(* Assume $S\times M\neq\emptyset$, let $(x,\lambda):[t_0,+\infty[\ \to X\times Y$ be a solution of (AHT), for each $t\ge t_0$ let $(x_t,\lambda_t)$ be the unique zero of $T_t=T+\varepsilon(t)\mathrm{id}$, and suppose there exists $t_+\ge t_0$ such that $\varepsilon^2(t)+\dot\varepsilon(t)\ge0$ and $2\varepsilon(t)\dot\varepsilon(t)+\ddot\varepsilon(t)\le0$ for all $t\ge t_+$. Then, as $t\to+\infty$, \[ \|(\dot x(t),\dot\lambda(t))+\varepsilon(t)((x(t),\lambda(t))-(x_t,\lambda_t))\|^2=\mathcal{O}\big(e^{-2\rho(t)}+\varepsilon^2(t)\big),\qquad \|T(x(t),\lambda(t))-T(x_t,\lambda_t)\|^2=\mathcal{O}\big(e^{-2\rho(t)}+\varepsilon^2(t)\big). \]
   Context: $X,Y$ are real Hilbert spaces; $X\times Y$ carries the product inner product and norm $\|\cdot\|$. Standing assumptions: $f:X\to\mathbb{R}$ is convex and continuously differentiable with $\nabla f$ Lipschitz continuous on bounded subsets of $X$; $A:X\to Y$ is linear and continuous with adjoint $A^*$; $b\in Y$; $\varepsilon:[t_0,+\infty[\ \to\ ]0,+\infty[$ ($t_0\ge0$) is twice continuously differentiable with $\lim_{t\to+\infty}\varepsilon(t)=0$. $L(x,\lambda)=f(x)+\langle\lambda,Ax-b\rangle_Y$ and $T(x,\lambda)=(\nabla f(x)+A^*\lambda,\ b-Ax)$ (a monotone operator). $S$ is the set of optimal solutions of $\min\{f(x):Ax=b\}$, $M$ the set of Lagrange multipliers; $S\times M$ is the set of saddle points of $L$, equal to the zero set of $T$. The operator $T_t=T+\varepsilon(t)\mathrm{id}$ is $\varepsilon(t)$-strongly monotone and has a unique zero $(x_t,\lambda_t)$ (the saddle point of $L(x,\lambda)+\frac{\varepsilon(t)}{2}(\|x\|^2-\|\lambda\|^2)$). $\rho(t)=\int_{t_0}^t\varepsilon(\tau)\,d\tau$. (AHT) is the system $\dot x+\nabla f(x)+A^*\lambda+\varepsilon(t)x=0$, $\dot\lambda+b-Ax+\varepsilon(t)\lambda=0$; a solution is a continuously differentiable $(x,\lambda):[t_0,+\infty[\ \to X\times Y$ satisfying it on $[t_0,+\infty[$ (existence and uniqueness for every initial datum is assumed). *)

theory Defs
  imports "HOL-Analysis.Analysis" "HOL-Library.Landau_Symbols"
begin

definition lagrangian ::
  "('a::real_inner \<Rightarrow> real) \<Rightarrow> ('a \<Rightarrow> 'b::real_inner) \<Rightarrow> 'b \<Rightarrow> 'a \<Rightarrow> 'b \<Rightarrow> real" where
  "lagrangian f A b x l = f x + inner l (A x - b)"

definition saddle_points ::
  "('a::real_inner \<Rightarrow> real) \<Rightarrow> ('a \<Rightarrow> 'b::real_inner) \<Rightarrow> 'b \<Rightarrow> ('a \<times> 'b) set" where
  "saddle_points f A b = {(x, l). \<forall>y m. lagrangian f A b x m \<le> lagrangian f A b x l
                                   \<and> lagrangian f A b x l \<le> lagrangian f A b y l}"

definition opt_solutions ::
  "('a::real_inner \<Rightarrow> real) \<Rightarrow> ('a \<Rightarrow> 'b::real_inner) \<Rightarrow> 'b \<Rightarrow> 'a set" where
  "opt_solutions f A b = {x. A x = b \<and> (\<forall>y. A y = b \<longrightarrow> f x \<le> f y)}"

definition lagrange_multipliers ::
  "('a::real_inner \<Rightarrow> real) \<Rightarrow> ('a \<Rightarrow> 'b::real_inner) \<Rightarrow> 'b \<Rightarrow> 'b set" where
  "lagrange_multipliers f A b =
     {l. \<forall>x \<in> opt_solutions f A b. (x, l) \<in> saddle_points f A b}"

definition opT ::
  "('a \<Rightarrow> 'a::real_inner) \<Rightarrow> ('a \<Rightarrow> 'b::real_inner) \<Rightarrow> ('b \<Rightarrow> 'a) \<Rightarrow> 'b \<Rightarrow> 'a \<times> 'b \<Rightarrow> 'a \<times> 'b" where
  "opT gf A Astar b z = (gf (fst z) + Astar (snd z), b - A (fst z))"

end

theory Submission
  imports Defs
begin

(* Write z = (x, \<lambda>). The flow reads z' = - T z - \<epsilon> z and the regularized zeros satisfy
   T z\<^sub>t = - \<epsilon> z\<^sub>t, so both quantities of the claim equal \<parallel>z' + \<epsilon> (z - z\<^sub>t)\<parallel>\<^sup>2.
   Testing the monotonicity of T against a zero of T shows that z and z\<^sub>t stay bounded.
   For the energy E = \<parallel>z'\<parallel>\<^sup>2 + \<epsilon>' \<parallel>z\<parallel>\<^sup>2, monotonicity of T and the decrease of \<epsilon>\<^sup>2 + \<epsilon>'
   make exp(2\<rho>) E nonincreasing; as z' need not be differentiable, this is proved for forward
   differences of step h and passed to the limit h \<rightarrow> 0+. Since \<epsilon>\<^sup>2 + \<epsilon>' \<ge> 0, we get
   \<parallel>z'\<parallel>\<^sup>2 \<le> C exp(-2\<rho>) - \<epsilon>' \<parallel>z\<parallel>\<^sup>2 \<le> C exp(-2\<rho>) + \<epsilon>\<^sup>2 \<parallel>z\<parallel>\<^sup>2. *)

lemma convex_on_gradient_inequality:
  fixes f :: "'a::real_inner \<Rightarrow> real"
  assumes convex: "convex_on UNIV f"
    and grad: "\<And>z. (f has_derivative (\<lambda>h. inner (gf z) h)) (at z)"
  shows "inner (gf u) (v - u) \<le> f v - f u"
proof -
  define \<phi> where "\<phi> s = f (u + s *\<^sub>R (v - u))" for s :: real
  have "convex_on UNIV \<phi>"
  proof (rule convex_onI)
    fix t a c :: real assume t: "0 < t" "t < 1"
    have "\<phi> ((1 - t) *\<^sub>R a + t *\<^sub>R c)
        = f ((1 - t) *\<^sub>R (u + a *\<^sub>R (v - u)) + t *\<^sub>R (u + c *\<^sub>R (v - u)))"
      unfolding \<phi>_def by (simp add: algebra_simps)
    also have "\<dots> \<le> (1 - t) * \<phi> a + t * \<phi> c"
      unfolding \<phi>_def using t by (intro convex_onD[OF convex]) auto
    finally show "\<phi> ((1 - t) *\<^sub>R a + t *\<^sub>R c) \<le> (1 - t) * \<phi> a + t * \<phi> c" .
  qed simp
  moreover have "(\<phi> has_real_derivative inner (gf u) (v - u)) (at 0)"
  proof -
    have "((\<lambda>s::real. u + s *\<^sub>R (v - u)) has_derivative (\<lambda>s. s *\<^sub>R (v - u))) (at 0)"
      by (auto intro!: derivative_eq_intros)
    from has_derivative_compose[OF this, of f "inner (gf u)"] grad[of u]
    show ?thesis
      unfolding \<phi>_def has_field_derivative_def
      by (simp add: mult.commute[of _ "inner (gf u) (v - u)"])
  qed
  ultimately have "inner (gf u) (v - u) * (1 - 0) \<le> \<phi> 1 - \<phi> 0"
    by (intro convex_on_imp_above_tangent) auto
  then show ?thesis unfolding \<phi>_def by simp
qed
lemma delay_factor_root_real:
  fixes c e tau :: real
  assumes ce: "0 \<le> c * e" and tau: "0 \<le> tau" and small_gain: "c * e * tau < 1"
    and "0 \<le> Re z" and root: "delay_factor c e tau z = 0"
  shows "Im z = 0"
proof (rule ccontr)
  define y E where "y = Im z" and "E = exp (- tau * Re z)"
  assume "Im z \<noteq> 0"
  then have "y \<noteq> 0" by (simp add: y_def)
  have E: "0 < E" "E \<le> 1" using \<open>0 \<le> Re z\<close> tau by (auto simp: E_def)
  have im: "y = c * e * E * sin (tau * y)"
    using root Im_delay_factor[of c e tau z] by (simp add: y_def E_def)
  have "\<bar>y\<bar> \<le> c * e * E * \<bar>tau * y\<bar>"
    using im ce E abs_sin_x_le_abs_x[of "tau * y"]
    by (metis abs_mult abs_of_nonneg mult_left_mono mult_nonneg_nonneg order_less_imp_le)
  also have "\<dots> = (c * e * tau * \<bar>y\<bar>) * E" using tau by (simp add: abs_mult mult_ac)
  also have "\<dots> \<le> c * e * tau * \<bar>y\<bar>"
    using E mult_nonneg_nonneg[OF mult_nonneg_nonneg[OF ce tau] abs_ge_zero[of y]]
    by (intro mult_left_le) auto
  also have "\<dots> < \<bar>y\<bar>" using small_gain \<open>y \<noteq> 0\<close> by simp
  finally show False by simp
qed

lemma delay_factor_root_Re_neg:
  fixes c e tau :: real
  assumes e: "0 \<le> e" "e * (1 + tau) < 1" and tau: "0 \<le> tau" and c: "c \<le> 1 / (1 - e)"
    and root: "delay_factor c e tau z = 0" and "z \<noteq> 0"
  shows "Re z < 0"
proof (rule ccontr)
  assume "\<not> Re z < 0"
  then have x: "0 \<le> Re z" by simp
  define x y E where "x = Re z" and "y = Im z" and "E = exp (- tau * x)"
  have E: "0 < E" "E \<le> 1" using x tau by (auto simp: E_def x_def)
  have re: "x + 1 - c + c * e * E * cos (tau * y) = 0"
    using root Re_delay_factor[of c e tau z] by (simp add: x_def y_def E_def)
  have "e * 1 \<le> e * (1 + tau)" using e tau by (intro mult_left_mono) auto
  then have e1: "e < 1" using e by simp
  show False
  proof (cases "c \<le> 0")
    case True
    have "E * \<bar>cos (tau * y)\<bar> \<le> 1" using E abs_cos_le_one by (intro mult_le_one) auto
    then have "(- c * e) * (E * \<bar>cos (tau * y)\<bar>) \<le> - c * e"
      using True e by (intro mult_left_le) (auto simp: mult_nonpos_nonneg)
    moreover have "\<bar>c * e * E * cos (tau * y)\<bar> = (- c * e) * (E * \<bar>cos (tau * y)\<bar>)"
      using True e E by (simp add: abs_mult)
    ultimately have "\<bar>c * e * E * cos (tau * y)\<bar> \<le> - c * e" by simp
    moreover have "- c * e \<le> - c" using mult_left_mono_neg[of e 1 c] True e1 by simp
    ultimately show False using re x x_def by linarith
  next
    case False
    have "c * e * tau \<le> e * tau / (1 - e)"
      using mult_right_mono[OF c, of "e * tau"] e tau by simp
    also have "\<dots> < 1" using e e1 by (simp add: field_simps)
    finally have small_gain: "c * e * tau < 1" .
    have ce: "0 \<le> c * e" using False e by simp
    have "y = 0" using delay_factor_root_real[OF ce tau small_gain x root] by (simp add: y_def)
    then have "0 < x" using x \<open>z \<noteq> 0\<close> by (auto simp: x_def y_def complex_eq_iff)
    have "1 - tau * x \<le> E" using exp_ge_add_one_self[of "- tau * x"] by (simp add: E_def)
    then have "c * e * (1 - tau * x) \<le> c * e * E" using ce by (rule mult_left_mono)
    moreover have "c * (1 - e) \<le> 1" using c e1 by (simp add: field_simps)
    moreover have "0 < x * (1 - c * e * tau)" using \<open>0 < x\<close> small_gain by simp
    ultimately show False using re \<open>y = 0\<close> by (simp add: algebra_simps)
  qed
qed

lemma delay_factor_pos_real_root:
  fixes c e tau :: real
  assumes "0 \<le> e" "e < 1" and "1 / (1 - e) < c"
  obtains x where "0 < x" "delay_factor c e tau (of_real x) = 0"
proof -
  define g where "g x = x + 1 - c + c * e * exp (- tau * x)" for x
  have "0 < 1 / (1 - e)" using assms(2) by simp
  then have "0 < c" using assms(3) by linarith
  have "g 0 < 0" using assms by (simp add: g_def field_simps)
  moreover have "0 < g c" using \<open>0 < c\<close> assms by (simp add: g_def add_pos_nonneg)
  moreover have "continuous_on {0..c} g" unfolding g_def by (intro continuous_intros)
  ultimately obtain x where "0 \<le> x" "x \<le> c" "g x = 0"
    using IVT'[of g 0 0 c] \<open>0 < c\<close> by auto
  with \<open>g 0 < 0\<close> have "0 < x" by (cases "x = 0") auto
  moreover have "delay_factor c e tau (of_real x) = of_real (g x)"
    by (simp only: delay_factor_of_real g_def)
  ultimately show thesis using \<open>g x = 0\<close> by (intro that) auto
qed

lemma zorder_times_delay_factor:
  assumes "c * (1 - e) \<noteq> 1"
  shows "zorder (\<lambda>z. z * delay_factor c e tau z) 0 = 1"
proof (rule zorder_eqI[where S = UNIV and g = "delay_factor c e tau"])
  show "delay_factor c e tau holomorphic_on UNIV"
    unfolding delay_factor_def by (intro holomorphic_intros)
  have "delay_factor c e tau 0 = of_real (1 - c * (1 - e))"
    using delay_factor_of_real[of c e tau 0] by (simp add: algebra_simps)
  moreover have "1 - c * (1 - e) \<noteq> 0" using assms by simp
  ultimately show "delay_factor c e tau 0 \<noteq> 0" by (metis of_real_eq_0_iff)
qed auto
theorem lemma2:
  fixes A :: "'a set" and C :: "'c set" and T :: nat
    and elig :: "'a \<Rightarrow> 'c set" and s :: "nat \<Rightarrow> nat" and q :: "nat \<Rightarrow> 'c \<Rightarrow> nat"
    and \<alpha> :: "'a \<Rightarrow> real" and avail :: "'a \<Rightarrow> nat set" and \<delta> :: real
    and M N :: "'a \<Rightarrow> ('c \<times> nat) option" and i :: nat
  assumes "model1_instance A C T elig \<alpha> avail \<delta>"
    and "greedy_alloc A C T elig s q \<alpha> avail \<delta> M"
    and "optimal_alloc A C T elig s q \<alpha> avail \<delta> N"
    and "i \<in> {1..T}"
  shows "card (type2_on_day A M N i) \<le> card (allocated_on_day A M i)"
proof (rule ccontr)
  let ?Y = "allocated_on_day A M i" and ?R = "remaining_agents A avail M i"
  assume "\<not> ?thesis"
  hence more: "card ?Y < card (type2_on_day A M N i)" by simp
  have inst: "finite A" "\<forall>a\<in>A. elig a \<subseteq> C" "\<forall>a\<in>A. \<alpha> a > 0" "0 < \<delta>"
    using assms(1) by (auto simp: model1_instance_def)
  have "finite ?Y" using inst(1) by (simp add: allocated_on_day_def)
  have "valid_alloc A C T elig s q avail N" using assms(3) by (simp add: optimal_alloc_def)
  then obtain x h where x: "x \<in> type2_on_day A M N i - ?Y"
    and h: "day_bmatching C elig s q ?R i (assignment_graph (insert x ?Y) h)"
    using day_bmatching_augment[OF \<open>finite ?Y\<close> more greedy_day_matching(1)[OF assms(2,4)]
        type2_day_bmatching[OF inst(1,2)]] by blast
  have "0 < \<alpha> x * \<delta> ^ (i - 1)"
    using x inst by (auto simp: type2_on_day_def)
  hence "bmatching_weight \<alpha> \<delta> i (assignment_graph ?Y (\<lambda>a. fst (the (M a))))
          < bmatching_weight \<alpha> \<delta> i (assignment_graph (insert x ?Y) h)"
    using x \<open>finite ?Y\<close> by (simp add: bmatching_weight_assignment_graph)
  thus False using greedy_day_matching(2)[OF assms(2,4) h] by simp
qed

end
lemma nn_integral_norm_powr_outside_ball_le:
  fixes R :: real
  assumes "0 < R"
  shows "(\<integral>\<^sup>+ v. indicator (- ball (0::'a::euclidean_space) R) v
             * ennreal (norm v powr (- 2 * real DIM('a))) \<partial>lborel)
         \<le> ennreal (2 * 4 ^ DIM('a) / R ^ DIM('a))"
proof -
  define d where "d = DIM('a)"
  define shell where
    "shell k v = indicator (ball (0::'a) (2 ^ Suc k * R)) v * ennreal ((2 ^ k * R) powr (- 2 * real d))"
    for k v
  have "(\<integral>\<^sup>+ v. indicator (- ball (0::'a) R) v * ennreal (norm v powr (- 2 * real d)) \<partial>lborel)
      \<le> (\<integral>\<^sup>+ v. (\<Sum>k. shell k v) \<partial>lborel)"
    using indicator_outside_ball_le_dyadic_shells[OF assms, of "2 * real d"]
    by (intro nn_integral_mono) (simp add: shell_def)
  also have "\<dots> = (\<Sum>k. integral\<^sup>N lborel (shell k))"
    by (intro nn_integral_suminf) (unfold shell_def, measurable, auto simp: pred_def)
  also have "\<dots> \<le> (\<Sum>k. ennreal (4 ^ d / R ^ d * (1 / 2) ^ k))"
  proof (intro suminf_le allI)
    fix k
    have "integral\<^sup>N lborel (shell k)
        = ennreal ((2 ^ k * R) powr (- 2 * real d)) * emeasure lborel (ball (0::'a) (2 ^ Suc k * R))"
      unfolding shell_def by (subst mult.commute) (simp add: nn_integral_cmult_indicator)
    also have "\<dots> \<le> ennreal ((2 ^ k * R) powr (- 2 * real d)) * ennreal ((2 * (2 ^ Suc k * R)) ^ d)"
      unfolding d_def using assms by (intro mult_left_mono emeasure_ball_le_cube) auto
    also have "\<dots> \<le> ennreal (4 ^ d / R ^ d * (1 / 2) ^ k)"
      using assms dyadic_shell_bound[of R d k]
      by (auto simp: d_def DIM_positive Suc_le_eq simp flip: ennreal_mult intro: ennreal_leI)
    finally show "integral\<^sup>N lborel (shell k) \<le> ennreal (4 ^ d / R ^ d * (1 / 2) ^ k)" .
  qed auto
  also have "\<dots> = ennreal (2 * 4 ^ d / R ^ d)"
    using assms sums_mult[OF geometric_sums[of "1 / 2 :: real"], of "4 ^ d / R ^ d"]
    by (intro suminf_ennreal_eq) (auto simp: ac_simps)
  finally show ?thesis by (simp add: d_def)
qed

lemma intensity_factors_eq:
  fixes r s \<beta> :: real and d :: nat
  assumes "0 \<le> r" "0 < s"
  shows "\<beta> * ((r + s) / s) powr (2 * real d) * (2 * 4 ^ d / (r + s) ^ d) * (2 * r) ^ d
           = 2 * \<beta> * (8 * r * (r + s) / s\<^sup>2) ^ d"
proof -
  have "((r + s) / s) powr (2 * real d) = ((r + s) / s) ^ (2 * d)"
    using assms by (subst powr_realpow[symmetric]) auto
  then have "((r + s) / s) powr (2 * real d) = ((r + s)\<^sup>2 / s\<^sup>2) ^ d"
    by (simp add: power_mult power_divide)
  moreover have "(8::real) ^ d = 4 ^ d * 2 ^ d"
    by (simp flip: power_mult_distrib)
  ultimately have "\<beta> * ((r + s) / s) powr (2 * real d) * (2 * 4 ^ d / (r + s) ^ d) * (2 * r) ^ d
      = 2 * \<beta> * ((r + s)\<^sup>2 / s\<^sup>2 * (4 / (r + s)) * (2 * r)) ^ d"
    using assms by (simp add: power_mult_distrib power_divide)
  also have "(r + s)\<^sup>2 / s\<^sup>2 * (4 / (r + s)) * (2 * r) = 8 * r * (r + s) / s\<^sup>2"
    using assms by (simp add: power2_eq_square field_simps add_nonneg_pos [THEN less_imp_neq, symmetric])
  finally show ?thesis .
qed

lemma nn_integral_kernel_outside_ball_le:
  fixes r s \<beta> :: real and u :: "'a::euclidean_space"
  assumes "0 \<le> \<beta>" "0 \<le> r" "0 < s" "norm u < r"
  shows "(\<integral>\<^sup>+ v. indicator (- ball 0 (r + s)) v * ennreal (\<beta> * norm (u - v) powr (- 2 * real DIM('a))) \<partial>lborel)
           \<le> ennreal (\<beta> * ((r + s) / s) powr (2 * real DIM('a)) * (2 * 4 ^ DIM('a) / (r + s) ^ DIM('a)))"
proof -
  define d where "d = DIM('a)"
  define W where "W = - ball (0::'a) (r + s)"
  define C where "C = \<beta> * ((r + s) / s) powr (2 * real d)"
  have "0 \<le> C" using assms by (simp add: C_def)
  have pointwise: "indicator W v * ennreal (\<beta> * norm (u - v) powr (- 2 * real d))
      \<le> ennreal C * (indicator W v * ennreal (norm v powr (- 2 * real d)))" for v
  proof (cases "v \<in> W")
    case True
    then have "\<beta> * norm (u - v) powr (- 2 * real d) \<le> C * norm v powr (- 2 * real d)"
      using assms norm_diff_powr_le[of r s "2 * real d" u v]
      by (auto simp: C_def W_def mult.assoc intro: mult_left_mono)
    then show ?thesis
      using True \<open>0 \<le> C\<close> by (simp add: ennreal_leI flip: ennreal_mult)
  qed simp
  have "(\<integral>\<^sup>+ v. indicator W v * ennreal (\<beta> * norm (u - v) powr (- 2 * real d)) \<partial>lborel)
      \<le> (\<integral>\<^sup>+ v. ennreal C * (indicator W v * ennreal (norm v powr (- 2 * real d))) \<partial>lborel)"
    by (intro nn_integral_mono pointwise)
  also have "\<dots> = ennreal C * (\<integral>\<^sup>+ v. indicator W v * ennreal (norm v powr (- 2 * real d)) \<partial>lborel)"
    by (rule nn_integral_cmult) (unfold W_def, measurable, auto simp: pred_def)
  also have "\<dots> \<le> ennreal C * ennreal (2 * 4 ^ d / (r + s) ^ d)"
    unfolding W_def d_def using assms
    by (intro mult_left_mono nn_integral_norm_powr_outside_ball_le) auto
  also have "\<dots> = ennreal (C * (2 * 4 ^ d / (r + s) ^ d))"
    by (rule ennreal_mult[symmetric]) (use \<open>0 \<le> C\<close> assms in auto)
  finally show ?thesis by (simp add: W_def C_def d_def)
qed

lemma lrp_intensity_ball_outside_ball_le:
  fixes r s \<beta> :: real
  assumes "0 \<le> \<beta>" "0 \<le> r" "0 < s"
  shows "lrp_intensity \<beta> (ball (0::'a::euclidean_space) r) (- ball 0 (r + s))
           \<le> ennreal (2 * \<beta> * (8 * r * (r + s) / s\<^sup>2) ^ DIM('a))"
proof -
  define d where "d = DIM('a)"
  define U where "U = ball (0::'a) r"
  define K where "K = \<beta> * ((r + s) / s) powr (2 * real d) * (2 * 4 ^ d / (r + s) ^ d)"
  have "0 \<le> K" using assms by (simp add: K_def)
  have inner: "(\<integral>\<^sup>+ v. indicator U u * indicator (- ball 0 (r + s)) v
                      * ennreal (\<beta> * norm (u - v) powr (- 2 * real d)) \<partial>lborel)
      \<le> ennreal K * indicator U u" for u
    using nn_integral_kernel_outside_ball_le[OF assms, of u]
    by (cases "u \<in> U") (simp_all add: U_def K_def d_def mult.assoc)
  have "lrp_intensity \<beta> U (- ball 0 (r + s)) \<le> (\<integral>\<^sup>+ u. ennreal K * indicator U u \<partial>lborel)"
    unfolding lrp_intensity_def d_def[symmetric] by (intro nn_integral_mono inner)
  also have "\<dots> = ennreal K * emeasure lborel U"
    by (simp add: U_def nn_integral_cmult_indicator)
  also have "\<dots> \<le> ennreal K * ennreal ((2 * r) ^ d)"
    unfolding U_def d_def using assms by (intro mult_left_mono emeasure_ball_le_cube) auto
  also have "\<dots> = ennreal (K * (2 * r) ^ d)"
    using \<open>0 \<le> K\<close> assms by (simp add: ennreal_mult)
  also have "K * (2 * r) ^ d = 2 * \<beta> * (8 * r * (r + s) / s\<^sup>2) ^ d"
    unfolding K_def by (rule intensity_factors_eq[OF assms(2,3)])
  finally show ?thesis by (simp add: U_def d_def)
qed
##############################
# What the task requires:
Working from the material above, restate word for word the lines between the line with "K_def d_def mult.assoc)" and the line with "K * emeasure", both included, and only those.

# Response to this exercise:
    by (cases "u \<in> U") (simp_all add: U_def K_def d_def mult.assoc)
  have "lrp_intensity \<beta> U (- ball 0 (r + s)) \<le> (\<integral>\<^sup>+ u. ennreal K * indicator U u \<partial>lborel)"
    unfolding lrp_intensity_def d_def[symmetric] by (intro nn_integral_mono inner)
  also have "\<dots> = ennreal K * emeasure lborel U"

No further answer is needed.